Juppé réélu maire de Bordeaux, mais ne se voit pas en recours pour la droite

BORDEAUX (AFP) — L'ex-Premier ministre Alain Juppé a été formellement élu vendredi maire de Bordeaux, un succès personnel pour ce responsable longtemps "mal-aimé" des Français, mais qui, assure-t-il, ne le conduira pas à être un recours pour une droite affaiblie.

Les conseillers municipaux de Bordeaux ont reconduit sans surprise M. Juppé, dont la liste avait obtenue près de 57% des suffrages au 1er tour des municipales, la seule victoire de poids de la droite dimanche dernier.

D'autres conseils municipaux élus dès le premier tour procédaient vendredi à l'élection de leur premier responsable.

Ce succès local de M. Juppé -dans une ville administrée depuis 61 ans par la droite- lui a valu d'être présenté dans la presse comme un possible recours pour la majorité, voire d'apparaître comme un éventuel rival pour le président Nicolas Sarkozy, en chute libre dans les sondages. Des commentaires que M. Juppé a balayé: il a assuré vouloir se consacrer exclusivement à Bordeaux, et ne pas viser de responsabilités nationales "quelque soit le chant des sirènes".

"Pour des responsabilités suprêmes, c'est clair, j'ai été mis hors jeu", a concédé M. Juppé dans un récent entretien. En juillet dernier, Juppé avait essuyé un cuisant revers, politique et personnel, en étant battu aux législatives, ce qui avait brisé net son retour au premier plan. Il avait dû démissionner de son éphémère poste de "superministre" de l'Ecologie et numéro deux du gouvernement de M. Sarkozy.

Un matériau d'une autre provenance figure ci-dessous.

(* Under the same setting as follows: $S=(Z_1,\dots,Z_n)$ with $Z_i$ i.i.d. $\sim P_Z$, a learning algorithm $P_{W|S}$, a loss $\ell$ such that for every $w$ and every $\lambda\in\mathbb R$, $\mathbf E_{P_Z}[e^{\lambda(\ell(w,Z)-\mathbf E\ell(w,Z))}]\le e^{\lambda^2\sigma^2/2}$; $\beta>1$, $P_{SW}\ll P_SP_W$, $\mathcal H_\beta(S,W)<\infty$, $\delta\in(0,1)$. Then with probability at least $1-\delta$ over $S\sim P_S$, $$\mathbf E_{P_{W|S}}[\mathrm{gen}(S,W)]\le\sqrt{\frac{2\sigma^2}{n}}\left(\frac{\beta}{4(\beta-1)}+\log\frac{\big((\beta-1)\mathcal H_\beta(S,W)+1\big)^{1/\beta}}{\delta}\right).$$
   Context: $\mathrm{gen}(S,W):=\mathbf E_{Z\sim P_Z}[\ell(W,Z)]-\frac1n\sum_{i=1}^n\ell(W,Z_i)$. $P_{SW}$ is the joint law of $(S,W)$ and $P_S,P_W$ its marginals. $\mathcal H_\beta(S,W):=\mathcal H_\beta(P_{SW}\Vert P_SP_W)$ where $\mathcal H_\beta(P\Vert Q):=\int\frac{(\mathrm dP/\mathrm dQ)^\beta-1}{\beta-1}\,\mathrm dQ$. Logarithms are natural. *)

theory Defs
  imports "HOL-Probability.Probability"
begin

definition sample_law :: "'z measure \<Rightarrow> nat \<Rightarrow> (nat \<Rightarrow> 'z) measure" where
  "sample_law PZ n = PiM {..<n} (\<lambda>_. PZ)"

definition joint_law :: "'s measure \<Rightarrow> 'w measure \<Rightarrow> ('s \<Rightarrow> 'w measure) \<Rightarrow> ('s \<times> 'w) measure" where
  "joint_law PS MW K = PS \<bind> (\<lambda>s. K s \<bind> (\<lambda>w. return (PS \<Otimes>\<^sub>M MW) (s, w)))"

text \<open>Hellinger-type divergence H_beta(P || Q) = int ((dP/dQ)^beta - 1)/(beta - 1) dQ,
  for Q a probability measure, written as (int (dP/dQ)^beta dQ - 1)/(beta-1).\<close>
definition hellinger_integral :: "real \<Rightarrow> 'a measure \<Rightarrow> 'a measure \<Rightarrow> ennreal" where
  "hellinger_integral \<beta> P Q = (\<integral>\<^sup>+ x. ennreal (enn2real (RN_deriv Q P x) powr \<beta>) \<partial>Q)"

definition hellinger_div :: "real \<Rightarrow> 'a measure \<Rightarrow> 'a measure \<Rightarrow> real" where
  "hellinger_div \<beta> P Q = (enn2real (hellinger_integral \<beta> P Q) - 1) / (\<beta> - 1)"

definition gen :: "'z measure \<Rightarrow> nat \<Rightarrow> ('w \<Rightarrow> 'z \<Rightarrow> real) \<Rightarrow> (nat \<Rightarrow> 'z) \<Rightarrow> 'w \<Rightarrow> real" where
  "gen PZ n loss s w = (\<integral>z. loss w z \<partial>PZ) - (1 / real n) * (\<Sum>i<n. loss w (s i))"

end

(* Fix t > 0 and let Q = P_S x P_W.  Hoelder's inequality with exponents beta and beta/(beta - 1),
   applied to the density dP_SW/dQ and to exp (t gen), bounds the exponential moment of t gen
   under P_SW by ((beta - 1) H_beta + 1)^(1/beta) times the (beta/(beta - 1))-th root of an
   exponential moment under Q.  Under Q the sample is independent of W, so for each fixed w the
   sub-Gaussian bound for the n i.i.d. losses applies, giving exp (beta/(beta - 1) t^2 sigma^2/(2n)).
   Markov's inequality in S and Jensen's inequality in W turn this into a bound on t E[gen | S]
   with probability 1 - delta; t = sqrt (n/(2 sigma^2)) yields the theorem, and for sigma = 0 one
   lets t tend to infinity along a limsup of the good events. *)

theory Submission
  imports Defs
begin

lemma nn_integral_mult_le_Holder:
  fixes f g :: "'a \<Rightarrow> real" and p q A B :: real
  assumes p: "p > 1" and q: "q > 1" and pq: "1 / p + 1 / q = 1"
    and [measurable]: "f \<in> borel_measurable M" "g \<in> borel_measurable M"
    and f_nonneg: "\<And>x. 0 \<le> f x" and g_nonneg: "\<And>x. 0 \<le> g x"
    and A: "(\<integral>\<^sup>+x. f x powr p \<partial>M) \<le> ennreal A" "A > 0"
    and B: "(\<integral>\<^sup>+x. g x powr q \<partial>M) \<le> ennreal B" "B > 0"
  shows "(\<integral>\<^sup>+x. f x * g x \<partial>M) \<le> ennreal (A powr (1 / p) * B powr (1 / q))"
proof -
  define u where "u = A powr (1 / p)"
  define v where "v = B powr (1 / q)"
  define a where "a = u * v / (p * A)"
  define b where "b = u * v / (q * B)"
  have uv: "u > 0" "v > 0" "u powr p = A" "v powr q = B"
    using p q A B by (auto simp: u_def v_def powr_powr)
  have ab: "a \<ge> 0" "b \<ge> 0" using p q A B uv by (auto simp: a_def b_def)
  have pointwise: "f x * g x \<le> a * f x powr p + b * g x powr q" for x
  proof -
    have "(f x / u) * (g x / v) \<le> (f x / u) powr p / p + (g x / v) powr q / q"
      using f_nonneg g_nonneg uv by (intro Youngs_inequality[OF p q pq]) auto
    then have "u * v * ((f x / u) * (g x / v)) \<le> u * v * ((f x / u) powr p / p + (g x / v) powr q / q)"
      using uv by (intro mult_left_mono) auto
    then show ?thesis
      using uv by (simp add: powr_divide f_nonneg g_nonneg a_def b_def field_simps)
  qed
  have "(\<integral>\<^sup>+x. f x * g x \<partial>M) \<le> (\<integral>\<^sup>+x. ennreal a * (f x powr p) + ennreal b * (g x powr q) \<partial>M)"
    using pointwise ab
    by (intro nn_integral_mono) (simp add: ennreal_mult'[symmetric] flip: ennreal_plus)
  also have "\<dots> = ennreal a * (\<integral>\<^sup>+x. f x powr p \<partial>M) + ennreal b * (\<integral>\<^sup>+x. g x powr q \<partial>M)"
    by (simp add: nn_integral_add nn_integral_cmult)
  also have "\<dots> \<le> ennreal a * ennreal A + ennreal b * ennreal B"
    using A B by (intro add_mono mult_left_mono) auto
  also have "\<dots> = ennreal (u * v * (1 / p + 1 / q))"
    using ab A B p q by (simp add: a_def b_def field_simps ennreal_mult'[symmetric] flip: ennreal_plus)
  finally show ?thesis by (simp add: pq u_def v_def)
qed

lemma nn_integral_real_RN_deriv:
  fixes h :: "'a \<Rightarrow> real"
  assumes Q: "sigma_finite_measure Q" and P: "sigma_finite_measure P"
    and ac: "absolutely_continuous Q P" and sets_eq: "sets P = sets Q"
    and h: "h \<in> borel_measurable Q" "\<And>x. 0 \<le> h x"
  shows "(\<integral>\<^sup>+x. h x \<partial>P) = (\<integral>\<^sup>+x. enn2real (RN_deriv Q P x) * h x \<partial>Q)"
proof -
  interpret Q: sigma_finite_measure Q by fact
  have "(\<integral>\<^sup>+x. h x \<partial>P) = (\<integral>\<^sup>+x. RN_deriv Q P x * h x \<partial>Q)"
    using h by (intro Q.RN_deriv_nn_integral[OF ac sets_eq]) auto
  also have "\<dots> = (\<integral>\<^sup>+x. enn2real (RN_deriv Q P x) * h x \<partial>Q)"
    using Q.RN_deriv_finite[OF P ac sets_eq]
    by (intro nn_integral_cong_AE) (auto simp: ennreal_mult h(2) less_top)
  finally show ?thesis .
qed

lemma one_le_hellinger_integral:
  assumes P: "prob_space P" and Q: "prob_space Q"
    and ac: "absolutely_continuous Q P" and sets_eq: "sets P = sets Q" and \<beta>: "\<beta> > 1"
  shows "1 \<le> hellinger_integral \<beta> P Q"
proof -
  interpret Q: prob_space Q by fact
  define g where "g x = enn2real (RN_deriv Q P x)" for x
  define H where "H = hellinger_integral \<beta> P Q"
  have [measurable]: "g \<in> borel_measurable Q"
    unfolding g_def by (intro borel_measurable_enn2real borel_measurable_RN_deriv)
  have conjugate: "\<beta> / (\<beta> - 1) > 1" "1 / \<beta> + 1 / (\<beta> / (\<beta> - 1)) = 1"
    using \<beta> by (auto simp: field_simps)
  have young: "g x \<le> g x powr \<beta> / \<beta> + (\<beta> - 1) / \<beta>" for x
    using Youngs_inequality[OF \<beta> conjugate, of "g x" 1] by (simp add: g_def)
  have "ennreal 1 = (\<integral>\<^sup>+x. g x \<partial>Q)"
    using nn_integral_real_RN_deriv[of Q P "\<lambda>_. 1"] P Q ac sets_eq
    by (simp add: g_def prob_space_imp_sigma_finite prob_space.emeasure_space_1)
  also have "\<dots> \<le> (\<integral>\<^sup>+x. ennreal (1 / \<beta>) * (g x powr \<beta>) + ennreal ((\<beta> - 1) / \<beta>) \<partial>Q)"
    using young \<beta>
    by (intro nn_integral_mono) (simp add: ennreal_mult'[symmetric] flip: ennreal_plus)
  also have "\<dots> = ennreal (1 / \<beta>) * H + ennreal ((\<beta> - 1) / \<beta>)"
    by (simp add: nn_integral_add nn_integral_cmult Q.emeasure_space_1 H_def
        hellinger_integral_def g_def)
  finally have bound: "ennreal 1 \<le> ennreal (1 / \<beta>) * H + ennreal ((\<beta> - 1) / \<beta>)" .
  show ?thesis
  proof (cases H)
    case (real h)
    with bound \<beta> have "1 \<le> h / \<beta> + (\<beta> - 1) / \<beta>"
      by (simp add: ennreal_mult'[symmetric] flip: ennreal_plus)
    with \<beta> real show ?thesis by (simp add: H_def field_simps)
  qed (simp add: H_def)
qed

lemma (in prob_space) event_nn_integral_Markov:
  assumes [measurable]: "G \<in> borel_measurable M"
    and G: "(\<integral>\<^sup>+x. G x \<partial>M) \<le> ennreal C" and C: "C > 0" and \<delta>: "\<delta> > 0"
  shows "\<exists>A\<in>events. prob A \<ge> 1 - \<delta> \<and> (\<forall>x\<in>A. G x \<le> ennreal (C / \<delta>))"
proof -
  define A where "A = {x \<in> space M. G x \<le> ennreal (C / \<delta>)}"
  have A_event: "A \<in> events" unfolding A_def by measurable
  have "emeasure M (space M - A) \<le> emeasure M {x \<in> space M. 1 \<le> ennreal (\<delta> / C) * G x}"
  proof (rule emeasure_mono)
    show "space M - A \<subseteq> {x \<in> space M. 1 \<le> ennreal (\<delta> / C) * G x}"
    proof
      fix x assume x: "x \<in> space M - A"
      then have "ennreal (\<delta> / C) * ennreal (C / \<delta>) \<le> ennreal (\<delta> / C) * G x"
        by (intro mult_left_mono) (auto simp: A_def)
      with x C \<delta> show "x \<in> {x \<in> space M. 1 \<le> ennreal (\<delta> / C) * G x}"
        by (simp add: ennreal_mult'[symmetric])
    qed
  qed measurable
  also have "\<dots> \<le> ennreal (\<delta> / C) * (\<integral>\<^sup>+x. G x * indicator (space M) x \<partial>M)"
    by (rule nn_integral_Markov_inequality) auto
  also have "(\<integral>\<^sup>+x. G x * indicator (space M) x \<partial>M) = (\<integral>\<^sup>+x. G x \<partial>M)"
    by (intro nn_integral_cong) simp
  also have "ennreal (\<delta> / C) * \<dots> \<le> ennreal (\<delta> / C) * ennreal C"
    using G by (intro mult_left_mono) auto
  also have "\<dots> = ennreal \<delta>"
    using C \<delta> by (simp add: ennreal_mult'[symmetric])
  finally have "prob (space M - A) \<le> \<delta>"
    using \<delta> by (simp add: emeasure_eq_measure)
  then show ?thesis
    using prob_compl[OF A_event] by (intro bexI[OF _ A_event]) (auto simp: A_def)
qed

(* The hypothesis 1 \<le> c is needed only when f is not integrable and its integral is the junk value 0. *)
lemma (in prob_space) integral_le_ln_of_nn_integral_exp_le:
  fixes f :: "'a \<Rightarrow> real"
  assumes [measurable]: "f \<in> borel_measurable M"
    and exp_le: "(\<integral>\<^sup>+x. exp (f x) \<partial>M) \<le> ennreal c" and c: "1 \<le> c"
  shows "(\<integral>x. f x \<partial>M) \<le> ln c"
proof (cases "integrable M f")
  case True
  have exp_integrable: "integrable M (\<lambda>x. exp (f x))"
    using exp_le by (intro integrableI_nonneg) (auto simp: top.not_eq_extremum intro: le_less_trans)
  have "exp (\<integral>x. f x \<partial>M) \<le> (\<integral>x. exp (f x) \<partial>M)"
    using True exp_integrable exp_convex by (intro jensens_inequality[where I=UNIV]) auto
  also have "\<dots> = enn2real (\<integral>\<^sup>+x. exp (f x) \<partial>M)"
    by (intro integral_eq_nn_integral) auto
  also have "\<dots> \<le> c"
    using enn2real_mono[OF exp_le] c by simp
  finally show ?thesis
    using c by (simp add: ln_ge_iff)
next
  case False
  then show ?thesis using c by (simp add: not_integrable_integral_eq)
qed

En 2004, une condamnation à 14 mois de prison avec sursis et une année d'inéligibilité dans une ancienne affaire d'emplois fictifs de la mairie de Paris l'avait déjà contraint à abandonner la vie politique et à "s'exiler" au Québec, où il avait enseigné pendant un an.

De retour en France, il avait été porté en octobre 2006, aux commandes de Bordeaux, en se présentant comme un homme mûri par les échecs et apaisé, loin de l'image du Premier ministre, rigide et orgueilleux, conspué pendant les grandes manifestations sociales de 1995.

Vendredi, M. Juppé s'est dit "ému et heureux" par sa réélection comme maire.